In deploying and repurposing technologies in innovative ways, our investigations have a double aim. They are both investigations of events in the world, and inquiries into the technologies we use to investigate them. Careful, critical employment of technologies can offer an opportunity for introspection into the biases ingrained within them.

Just as every use of satellite photography must acknowledge the technology’s military history and "resolution biases", a critical employment of machine learning should similarly seek to explore and shed light on the computational processes at its heart, which otherwise remain opaque and unaccountable. The necessity for critical interrogation of sensing is made abundantly clear in a world full of sophisticated gadgets and “sensors” which are programmed to surveille, eavesdrop, register, record and respond to human behavior, movement, preferences as well as to changing conditions within environments.

Socializing Evidence

The counter-forensic work of the Investigative Commons not only takes advantage of a multiplicity of sources; it also lends itself to being presented in a range of alternative venues, beyond the courtroom.

Unlike in courts, in gallery and museum exhibitions, citizen assemblies, and in some of the media forums, the social, political and historical significance of the cases investigated could be unpacked.
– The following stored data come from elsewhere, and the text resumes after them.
text \<open>Put t0 = \<theta> - \<chi>max and \<sigma>_k = \<chi>max + \<chi>_k \<in> [0, 2\<chi>max]. Since
  {B,A^(m+1)} = {B,A^m} A - A {B,A^m}, the derivative of
  r \<mapsto> T_r \<Sum>m\<le>n r^m/m! {B,A^m} T_t0 T_(\<sigma>-r) w telescopes to its last term, and the limsup
  condition (together with m^m/m! \<le> e^m) makes that term vanish as n \<rightarrow> \<infinity>. Hence
  B T_(\<sigma>+t0) = T_\<sigma> (B + \<Sum>m\<ge>1 \<sigma>^m/m! {B,A^m}) T_t0, first on D(A) and then everywhere by
  density. Inductively, x(\<tau>_(k+1)^+) = T_(\<sigma>_(k+1)) z(k\<theta>^+) for the solution z of (C) started at
  its first jump applied to T_t0 x0, so between jumps x(t) is a uniformly bounded flow applied to
  z at a time lagging t by a bounded amount. Stability and attractivity of (C), extended by
  linearity and density from D(A) to all initial values, therefore pass to (S).\<close>

lemma uniform_boundedness:
  fixes f :: "nat \<Rightarrow> 'a::banach \<Rightarrow> 'b::real_normed_vector"
  assumes bl: "\<And>n. bounded_linear (f n)" and pb: "\<And>x. \<exists>c. \<forall>n. norm (f n x) \<le> c"
  shows "\<exists>M. \<forall>n. onorm (f n) \<le> M"
proof -
  define F where "F k = {x. \<forall>n. norm (f n x) \<le> real k}" for k :: nat
  have clF: "closed (F k)" for k
  proof -
    have "F k = (\<Inter>n. {x. norm (f n x) \<le> real k})" by (auto simp: F_def)
    moreover have "closed {x. norm (f n x) \<le> real k}" for n
      by (intro closed_Collect_le continuous_intros linear_continuous_on[OF bl])
    ultimately show ?thesis by auto
  qed
  have U: "(\<Union>k. F k) = UNIV"
  proof safe
    fix x
    obtain c where c: "\<forall>n. norm (f n x) \<le> c" using pb by blast
    obtain k::nat where "c \<le> real k" using real_arch_simple by blast
    then have "x \<in> F k" using c by (auto simp: F_def intro: order_trans)
    then show "x \<in> (\<Union>k. F k)" by blast
  qed simp
  have "\<exists>k. interior (F k) \<noteq> {}"
  proof (rule ccontr)
    assume "\<not> ?thesis"
    then have "Met_TC.mtopology interior_of \<Union>(range F) = {}"
    proof (intro Met_TC.metric_Baire_category_alt)
      show "Met_TC.mcomplete TYPE('a)" using complete_UNIV mcomplete_iff_complete by blast
    qed (use clF \<open>\<not> (\<exists>k. interior (F k) \<noteq> {})\<close> in auto)
    then show False using U by simp
  qed
  then obtain k x0 where "x0 \<in> interior (F k)" by blast
  then obtain r where r: "r > 0" "ball x0 r \<subseteq> F k" using mem_interior by blast
  have "onorm (f n) \<le> 4 * real k / r" for n
  proof (rule onorm_bound)
    show "0 \<le> 4 * real k / r" using r by simp
    fix x
    show "norm (f n x) \<le> 4 * real k / r * norm x"
    proof (cases "x = 0")
      case True then show ?thesis using bl[of n] by (simp add: linear_simps)
    next
      case False
      define y where "y = (r / 2 / norm x) *\<^sub>R x"
      have ny: "norm y = r/2" using False r by (simp add: y_def)
      have "x0 + y \<in> ball x0 r" "x0 \<in> ball x0 r" using r ny by (simp_all add: dist_norm)
      then have "x0 + y \<in> F k" "x0 \<in> F k" using r(2) by blast+
      then have "norm (f n (x0 + y)) \<le> k" "norm (f n x0) \<le> k" by (auto simp: F_def)
      moreover have "f n y = f n (x0 + y) - f n x0" using bl[of n] by (simp add: linear_simps)
      ultimately have "norm (f n y) \<le> 2 * k"
        using norm_triangle_ineq4[of "f n (x0 + y)" "f n x0"] by simp
      moreover have "f n y = (r / 2 / norm x) *\<^sub>R f n x" using bl[of n] by (simp add: y_def linear_simps)
      ultimately have "(r / 2 / norm x) * norm (f n x) \<le> 2 * k" using r by simp
      then show ?thesis using r False by (simp add: field_simps)
    qed
  qed
  then show ?thesis by blast
qed

locale C0_semigroup =
  fixes T :: "real \<Rightarrow> 'a::banach \<Rightarrow> 'a"
  assumes bounded_linear_T: "\<And>t. t \<ge> 0 \<Longrightarrow> bounded_linear (T t)"
    and T0: "T 0 = id"
    and semigroup_law: "\<And>s t. s \<ge> 0 \<Longrightarrow> t \<ge> 0 \<Longrightarrow> T (s + t) = T s \<circ> T t"
    and strongly_continuous: "\<And>x. ((\<lambda>t. T t x) \<longlongrightarrow> x) (at_right 0)"
begin

lemma T_add_apply: "s \<ge> 0 \<Longrightarrow> t \<ge> 0 \<Longrightarrow> T (s + t) x = T s (T t x)"
  using semigroup_law by simp

lemma T_commute: "s \<ge> 0 \<Longrightarrow> t \<ge> 0 \<Longrightarrow> T s (T t x) = T t (T s x)"
  by (metis T_add_apply add.commute)

lemma T_add: "t \<ge> 0 \<Longrightarrow> T t (x + y) = T t x + T t y"
  using bounded_linear_T bounded_linear.linear linear_add by blast
lemma T_diff: "t \<ge> 0 \<Longrightarrow> T t (x - y) = T t x - T t y"
  using bounded_linear_T bounded_linear.linear linear_diff by blast
lemma T_scaleR: "t \<ge> 0 \<Longrightarrow> T t (c *\<^sub>R x) = c *\<^sub>R T t x"
  using bounded_linear_T bounded_linear.linear linear_scale by blast
lemma T_minus: "t \<ge> 0 \<Longrightarrow> T t (- x) = - T t x"
  using bounded_linear_T bounded_linear.linear linear_neg by blast
lemma norm_T_le: "t \<ge> 0 \<Longrightarrow> norm (T t x) \<le> onorm (T t) * norm x"
  using bounded_linear_T onorm by blast
lemma onorm_T_nonneg: "t \<ge> 0 \<Longrightarrow> 0 \<le> onorm (T t)"
  using bounded_linear_T onorm_pos_le by blast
While enganged in producing evidence, the Investigative Commons is simultaneously committed to critically interrogating media technologies, politics and aesthetics and their associated truth regimes. Events, exhibitions, lectures and seminars, in collaboration with cultural institutions, will ask what constitutes evidence, and how and why certain kinds of data are afforded legitimacy and authority, while others are discredited or relegated to obscurity.
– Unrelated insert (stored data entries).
lemma funpow_avg_on_indicator_antimono:
  assumes "j \<le> n"
  shows "(avg_on E ^^ n) (indicator E) \<le> ((avg_on E ^^ j) (indicator E) :: _ \<Rightarrow> real)"
proof -
  have step: "avg_on E (indicator E) \<le> (indicator E :: _ \<Rightarrow> real)"
    by (auto simp: le_fun_def avg_on_def indicator_def intro: order_trans[OF nbr_avg_mono[of _ "\<lambda>_. 1"]])
  have below: "(avg_on E ^^ k) (indicator E) \<le> (indicator E :: _ \<Rightarrow> real)" for k
  proof (induction k)
    case (Suc k)
    have "(avg_on E ^^ Suc k) (indicator E) = (avg_on E ^^ k) (avg_on E (indicator E))"
      by (simp add: funpow_Suc_right del: funpow.simps)
    also have "\<dots> \<le> (avg_on E ^^ k) (indicator E)"
      using mono_avg_on step by (rule funpow_mono)
    finally show ?case using Suc.IH by (rule order_trans)
  qed simp
  have "(avg_on E ^^ n) (indicator E) = (avg_on E ^^ j) ((avg_on E ^^ (n - j)) (indicator E))"
    using assms by (metis funpow_add le_add_diff_inverse comp_apply)
  also have "\<dots> \<le> (avg_on E ^^ j) (indicator E)"
    using mono_avg_on below by (rule funpow_mono)
  finally show ?thesis .
qed

text \<open>\<open>avg_on E\<close> is the transition operator of the random walk stopped on leaving \<open>E\<close>, so the sum
  below is the expected time spent in \<open>E\<close> up to time \<open>n\<close>; a bounded \<open>\<psi>\<close> whose average exceeds
  it by \<open>c\<close> on \<open>E\<close> bounds it (Dynkin's formula).\<close>

lemma sum_funpow_avg_on_indicator_le:
  assumes psi: "avg_on E psi = (\<lambda>y. psi y + c * indicator E y)"
    and psi_nonneg: "\<And>y. 0 \<le> psi y" and psi_le: "\<And>y. psi y \<le> K"
  shows "c * (\<Sum>j<n. (avg_on E ^^ j) (indicator E) x) \<le> K"
proof -
  have iter: "(avg_on E ^^ k) psi x = psi x + c * (\<Sum>j<k. (avg_on E ^^ j) (indicator E) x)" for k
  proof (induction k)
    case (Suc k)
    have "(avg_on E ^^ Suc k) psi x = (avg_on E ^^ k) (\<lambda>y. 1 * psi y + c * indicator E y) x"
      by (simp add: funpow_Suc_right psi del: funpow.simps)
    also have "\<dots> = (avg_on E ^^ k) psi x + c * (avg_on E ^^ k) (indicator E) x"
      by (simp only: funpow_avg_on_linear)
    finally show ?case using Suc.IH by (simp add: algebra_simps)
  qed simp
  have "(avg_on E ^^ n) psi x \<le> (avg_on E ^^ n) (\<lambda>_. K) x"
    using funpow_mono[OF mono_avg_on, of psi "\<lambda>_. K" n] psi_le by (auto simp: le_fun_def)
  then show ?thesis using iter[of n] psi_nonneg[of x] by (simp add: funpow_avg_on_const)
qed

lemma funpow_avg_on_indicator_le:
  assumes psi: "avg_on E psi = (\<lambda>y. psi y + c * indicator E y)"
    and "\<And>y. 0 \<le> psi y" "\<And>y. psi y \<le> K" and "0 < c" "0 < n"
  shows "(avg_on E ^^ n) (indicator E) x \<le> K / c / real n"
proof -
  have "real n * (avg_on E ^^ n) (indicator E) x = (\<Sum>j<n. (avg_on E ^^ n) (indicator E) x)"
    by simp
  also have "\<dots> \<le> (\<Sum>j<n. (avg_on E ^^ j) (indicator E) x)"
    using funpow_avg_on_indicator_antimono[of _ n E] by (intro sum_mono) (simp add: le_fun_def)
  finally have "c * (real n * (avg_on E ^^ n) (indicator E) x) \<le> K"
    using sum_funpow_avg_on_indicator_le[OF assms(1-3)] \<open>0 < c\<close>
    by (meson mult_left_mono less_imp_le order_trans)
  with \<open>0 < c\<close> \<open>0 < n\<close> show ?thesis by (simp add: field_simps)
qed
A Сity Within a Building: The Russian Airstrike on the Mariupol Drama Theater

09.03.2024 17.00

NGbK Am Alex Berlin


The bombing of the Mariupol Drama Theatre on March 16, 2022, a few weeks after the beginning of the Russian all-out invasion, is one of the worst atrocities committed by the occupying power against the civilian population. This latest joint research by the Kyiv-Berlin based Center for Spatial Technologies and Berlin-based Forensis focuses on the three-week period between the start of the large-scale Russian invasion and the March 16 air strike. During this period, the theater became a self-organized commune and an act of resistance: a “city within a building.” Through hours of interviews with survivors of the attack, the living world of the theater is carefully reassembled, exploring with great sensitivity the emerging interactions of memory, space, and trauma.

Presentation by the Center for Spatial Technologies with Maksym Rokmaniiko, Svitlana Matviyenko, Kseniia Rybak, and Isabelle Haßfurther. In English with simultaneous translation into German.
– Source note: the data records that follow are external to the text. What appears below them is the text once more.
lemma ideal_gen_ideal: "g \<in> OK d \<Longrightarrow> is_ideal d (gen_ideal d g)"
  unfolding is_ideal_def gen_ideal_def
proof (intro conjI ballI)
  assume g: "g \<in> OK d"
  show "{g * x |x. x \<in> OK d} \<subseteq> OK d" using g OK_mult by auto
  show "0 \<in> {g * x |x. x \<in> OK d}" by (rule CollectI, rule exI[of _ 0]) simp
  fix x y assume "x \<in> {g * x |x. x \<in> OK d}" "y \<in> {g * x |x. x \<in> OK d}"
  then obtain x' y' where "x = g * x'" "y = g * y'" "x' \<in> OK d" "y' \<in> OK d" by blast
  then have "x + y = g * (x' + y')" "x' + y' \<in> OK d" by (simp_all add: distrib_left OK_add)
  then show "x + y \<in> {g * x |x. x \<in> OK d}" by blast
next
  fix r x assume "r \<in> OK d" "x \<in> {g * x |x. x \<in> OK d}"
  then obtain x' where "x = g * x'" "x' \<in> OK d" by blast
  then have "r * x = g * (r * x')" "r * x' \<in> OK d" using \<open>r \<in> OK d\<close> by (simp_all add: mult_ac OK_mult)
  then show "r * x \<in> {g * x |x. x \<in> OK d}" by blast
qed

lemma gen_ideal_mem: "x \<in> OK d \<Longrightarrow> g * x \<in> gen_ideal d g"
  by (auto simp: gen_ideal_def)

lemma gen_ideal_self: "g \<in> gen_ideal d g"
  using gen_ideal_mem[of 1 g] by simp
Inherited Testimonies: The German Colonial Genocide in Namibia

03.12.2023 14.00-17.00

Haus der Kulturen der Welt (HKW) Berlin


In 1893 the German Schutztruppen attacked the Witbooi Nama settlement of ||Nâ‡gâs, also known as Hornkranz, in German Southwest Africa (present-day Namibia). This was the beginning of a genocidal campaign against the Herero and Nama peoples that reached its peak between 1904 and 1908. This project, led by the Nama Traditional Leaders Association (NTLA) and the Ovaherero Traditional Authority (OTA), seeks to uncover traces of the genocide buried within the Namibian environment but present in the hearts of its affected communities within the transformed physical environment, climate, vegetation, and the oral tradition of its peoples. 

Inherited Testimonies is a live performance of culturally inherited, collective testimonies, delivered by traditional leaders, and oral historians within a continuously transformed visual and auditory immersive environment – a large projection of evolving architectural and environmental scenes – conceived by Forensic Architecture/Forensis. 

The words of traditional witnesses are delivered within and in relation to space, activated by their relation to body, and screen. The testimonies are delivered as an act of collective construction of an environment, as a form of ‘world building’ and navigating within it. 

The meaning of the landscape is gradually revealed as it gets inhabited with structures, objects, indigenous plants, and archival images. 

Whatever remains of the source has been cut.